Weather events are often thought of as some of the most fickle, yet unavoidable realities of living on this earth. Weather can bring joy and prosperity to the world, but also tragedy and destruction. Having a greater understanding of which events contribute to the latter may prove to be beneficial when determining what to expect and how to properly anticipate the implications of such events. In this analysis, I analyzed data from the U.S National Oceanic and Atmospheric Administration’s storm database spanning from the years 1950 to 2011 in order to answer two main questions:
After transforming and aggregating the data into analyzable formats, I created two tables that helped to answer the questions at hand. Through my analysis, I found that: tornadoes, by far, account for the largest amounts of deaths and injuries to the US population, while flooding and hurricanes account for the highest amount of damages to property and crops. The rest of this document details the entire process of the analysis as well as the entirely of the code used.
To being, I will first load in the packages I will be using. Tidyverse and magrittr are used for most of my general analyses as they streamline much of the process through useful functions and sub-packages contained within them (namely tidyverse). This is also my first time using the gt package, which is what will be used in order to create the tables for this analysis.
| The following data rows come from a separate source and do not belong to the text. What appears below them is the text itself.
definition ordinal_margin_invariant :: "(('v, 'x) profile \<Rightarrow> 'x set) \<Rightarrow> bool" where
  "ordinal_margin_invariant F \<longleftrightarrow>
     (\<forall>P P'. is_profile P \<and> is_profile P' \<and> ordinal_margin_graph P = ordinal_margin_graph P'
             \<longrightarrow> F P = F P')"

definition single_voter_resolvable :: "(('v, 'x) profile \<Rightarrow> 'x set) \<Rightarrow> bool" where
  "single_voter_resolvable F \<longleftrightarrow>
     (\<forall>P. is_profile P \<and> card (F P) > 1 \<longrightarrow>
        (\<exists>i r. i \<notin> voters P \<and> strict_weak_order_on (alts P) r
               \<and> card (F (insert i (voters P), alts P, (ballot P)(i := r))) = 1))"

definition linear_profiles :: "'v set \<Rightarrow> 'x set \<Rightarrow> ('v, 'x) profile set" where
  "linear_profiles V X = {P. is_linear_profile P \<and> voters P = V \<and> alts P = X}"

text \<open>Asymptotic resolvability: for every m > 0, every set X of m alternatives and
every enumeration of voters (the voter set for n voters being the first n of them),
the proportion of linear profiles with |F P| > 1 tends to 0 as n tends to infinity.\<close>
definition asymptotically_resolvable :: "(('v, 'x) profile \<Rightarrow> 'x set) \<Rightarrow> bool" where
  "asymptotically_resolvable F \<longleftrightarrow>
     (\<forall>m::nat. \<forall>X. \<forall>vs::nat \<Rightarrow> 'v. m > 0 \<and> finite X \<and> card X = m \<and> inj vs \<longrightarrow>
        ((\<lambda>n. real (card {P \<in> linear_profiles (vs ` {..<n}) X. card (F P) > 1})
              / real (card (linear_profiles (vs ` {..<n}) X))) \<longlonglongrightarrow> 0))"

end

theory Submission
  imports Defs "HOL-Library.FuncSet"
begin

text \<open>
  Ordinal margin invariance makes \<open>F\<close> constant on the profiles sharing the ordinal margin
  graph of \<open>P\<close>, and for a linearly edge-ordered tournament this graph is robust: distinct margins
  differ by at least 1, so every profile whose margins are closer than \<open>t / 2\<close> to \<open>t\<close> times
  those of \<open>P\<close> has the same graph.

  Under single-voter resolvability, replicate every voter of \<open>P\<close> three times; one additional
  voter moves each margin by at most 1, so it cannot change the graph and cannot make \<open>F\<close> resolute.

  Under asymptotic resolvability, pair each linear order with its reverse. Twice the margins of
  \<open>P\<close> are an integer combination, with coefficients \<open>w p\<close>, of the margins of single linear
  orders \<open>p\<close>. A uniformly random linear ballot is a uniformly random pair together with a fair
  choice of orientation, so with probability bounded away from 0 all signed pair counts of a
  random linear profile with \<open>n\<close> voters lie within \<open>\<rho> * sqrt n\<close> of \<open>\<mu> * w p * sqrt n\<close>:
  a Chernoff bound keeps every pair frequent, and \<open>2 ^ c \<le> 4 * sqrt c * (c choose (c div 2))\<close>
  bounds the orientation counts from below. All these profiles share the ordinal margin graph of \<open>P\<close>, so
  \<open>F\<close> fails to be resolute on a fraction of the linear profiles that does not tend to 0.
\<close>

section \<open>Central binomial coefficients\<close>

lemma Suc_times_binomial_odd_central:
  "Suc h * (Suc (2 * h) choose h) = Suc (2 * h) * (2 * h choose h)"
  using Suc_times_binomial[of h "2 * h"] binomial_symmetric[of "Suc h" "Suc (2 * h)"] by simp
The gtExtras package is an add-on to the gt package (includes some additional customizable features like themes) and RColorBrewer is used to add color palettes to the cells of the tables.
library(tidyverse)
library(magrittr)
library(gt)
library(gtExtras)
library(RColorBrewer)
We can now start to load/read in the data. I first code a simple “if” condition that creates a directory named “CourseProject” if there isn’t one that exists already. It then downloads the data to that directory under the file name “storm_data.csv”. From there, the working directory is set and the data is read in and assigned to a dataframe named data.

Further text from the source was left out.